START Given entries
lemma ideal_sum_mem: "finite A \<Longrightarrow> (\<And>x. x \<in> A \<Longrightarrow> f x \<in> J) \<Longrightarrow> (\<Sum>x\<in>A. f x) \<in> J"
  by (induction A rule: finite_induct)
    (simp_all add: additive_subgroup.zero_closed[OF ideal.axioms(1)[OF J], simplified]
      additive_subgroup.a_closed[OF ideal.axioms(1)[OF J], simplified])

text \<open>Subtract from each monomial of an element of the kernel a representative of its fibre; the
  representatives cancel since the coefficients of every fibre sum to zero.\<close>

lemma toric_kernel_subset_ideal:
  assumes binoms: "\<And>m m'. keys m \<subseteq> gridN r \<Longrightarrow> keys m' \<subseteq> gridN r \<Longrightarrow>
      monom_subst g m = monom_subst g m' \<Longrightarrow> binom m m' \<in> J"
  shows "toric_kernel r g \<subseteq> J"
proof
  fix p :: "'k mpoly"
  assume "p \<in> toric_kernel r g"
  then have pR: "p \<in> carrier (polyR r)" and p0: "poly_subst g p = 0"
    by (auto simp: toric_kernel_def)
  let ?K = "keys p" and ?c = "lookup p"
  define R where "R v = (SOME m0. m0 \<in> ?K \<and> monom_subst g m0 = v)" for v
  have R: "R (monom_subst g m) \<in> ?K \<and> monom_subst g (R (monom_subst g m)) = monom_subst g m"
    if "m \<in> ?K" for m
    unfolding R_def by (rule someI[of _ m]) (use that in simp)
  have "single m (?c m) - single (R (monom_subst g m)) (?c m) \<in> J" if "m \<in> ?K" for m
    by (rule binom_smult_mem, rule binoms) (use pR that R[OF that] in \<open>auto simp: polyR_carrier_iff\<close>)
  then have "(\<Sum>m\<in>?K. single m (?c m) - single (R (monom_subst g m)) (?c m)) \<in> J"
    by (rule ideal_sum_mem[OF finite_keys])
  moreover have "(\<Sum>m\<in>?K. single (R (monom_subst g m)) (?c m)) = 0"
    by (rule sum_single_fibre_representatives[OF p0]) (use R in blast)
  ultimately have "(\<Sum>m\<in>?K. single m (?c m)) \<in> J"
    by (simp add: sum_subtractf)
  then show "p \<in> J"
    by (simp only: poly_expansion[symmetric])
qed

end

section \<open>The ideal of a switchable class is toric\<close>

context switchable_class
begin

text \<open>The target variables \<open>y\<^sub>i\<^sub>,\<^sub>v\<close>, \<open>z\<^sub>u\<close> and \<open>w\<^sub>a\<close> are encoded as the lists \<open>[0, i, v]\<close>,
  \<open>1 # u\<close> and \<open>2 # a\<close>.\<close>

definition var_image :: "nat list \<Rightarrow> nat list \<Rightarrow>\<^sub>0 nat" where
  "var_image a = (if a \<in> S
     then (\<Sum>i<t. single [0, i, a ! i] 1) + single (1 # drop t a) 1
     else single (2 # a) 1)"

abbreviation image_monom :: "(nat list \<Rightarrow>\<^sub>0 nat) \<Rightarrow> nat list \<Rightarrow>\<^sub>0 nat" where
  "image_monom \<equiv> monom_subst var_image"

lemma keys_var_image_class:
  "a \<in> S \<Longrightarrow> k \<in> keys (var_image a) \<longleftrightarrow> (\<exists>i<t. k = [0, i, a ! i]) \<or> k = 1 # drop t a"
  by (auto simp: var_image_def keys_add_nat keys_sum_nat)

lemma keys_var_image_nonclass: "a \<notin> S \<Longrightarrow> keys (var_image a) = {2 # a}"
  by (simp add: var_image_def)

lemma y_var_in_var_image: "[0, k, v] \<in> keys (var_image c) \<Longrightarrow> c \<in> S \<and> c ! k = v"
  by (cases "c \<in> S") (auto simp: keys_var_image_class keys_var_image_nonclass)

lemma z_var_in_var_image: "1 # u \<in> keys (var_image a) \<Longrightarrow> a \<in> S \<and> drop t a = u"
  by (cases "a \<in> S") (auto simp: keys_var_image_class keys_var_image_nonclass)

lemma w_var_in_var_image: "2 # b \<in> keys (var_image a) \<Longrightarrow> a = b"
  by (cases "a \<in> S") (auto simp: keys_var_image_class keys_var_image_nonclass)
END Given entries
Begin with the first line of the records and finish with the line containing "unfolding R_def by". Reproduce those lines exactly, both ends included, and nothing else.

[Response to the task]:
lemma ideal_sum_mem: "finite A \<Longrightarrow> (\<And>x. x \<in> A \<Longrightarrow> f x \<in> J) \<Longrightarrow> (\<Sum>x\<in>A. f x) \<in> J"
  by (induction A rule: finite_induct)
    (simp_all add: additive_subgroup.zero_closed[OF ideal.axioms(1)[OF J], simplified]
      additive_subgroup.a_closed[OF ideal.axioms(1)[OF J], simplified])

text \<open>Subtract from each monomial of an element of the kernel a representative of its fibre; the
  representatives cancel since the coefficients of every fibre sum to zero.\<close>

lemma toric_kernel_subset_ideal:
  assumes binoms: "\<And>m m'. keys m \<subseteq> gridN r \<Longrightarrow> keys m' \<subseteq> gridN r \<Longrightarrow>
      monom_subst g m = monom_subst g m' \<Longrightarrow> binom m m' \<in> J"
  shows "toric_kernel r g \<subseteq> J"
proof
  fix p :: "'k mpoly"
  assume "p \<in> toric_kernel r g"
  then have pR: "p \<in> carrier (polyR r)" and p0: "poly_subst g p = 0"
    by (auto simp: toric_kernel_def)
  let ?K = "keys p" and ?c = "lookup p"
  define R where "R v = (SOME m0. m0 \<in> ?K \<and> monom_subst g m0 = v)" for v
  have R: "R (monom_subst g m) \<in> ?K \<and> monom_subst g (R (monom_subst g m)) = monom_subst g m"
    if "m \<in> ?K" for m
    unfolding R_def by (rule someI[of _ m]) (use that in simp)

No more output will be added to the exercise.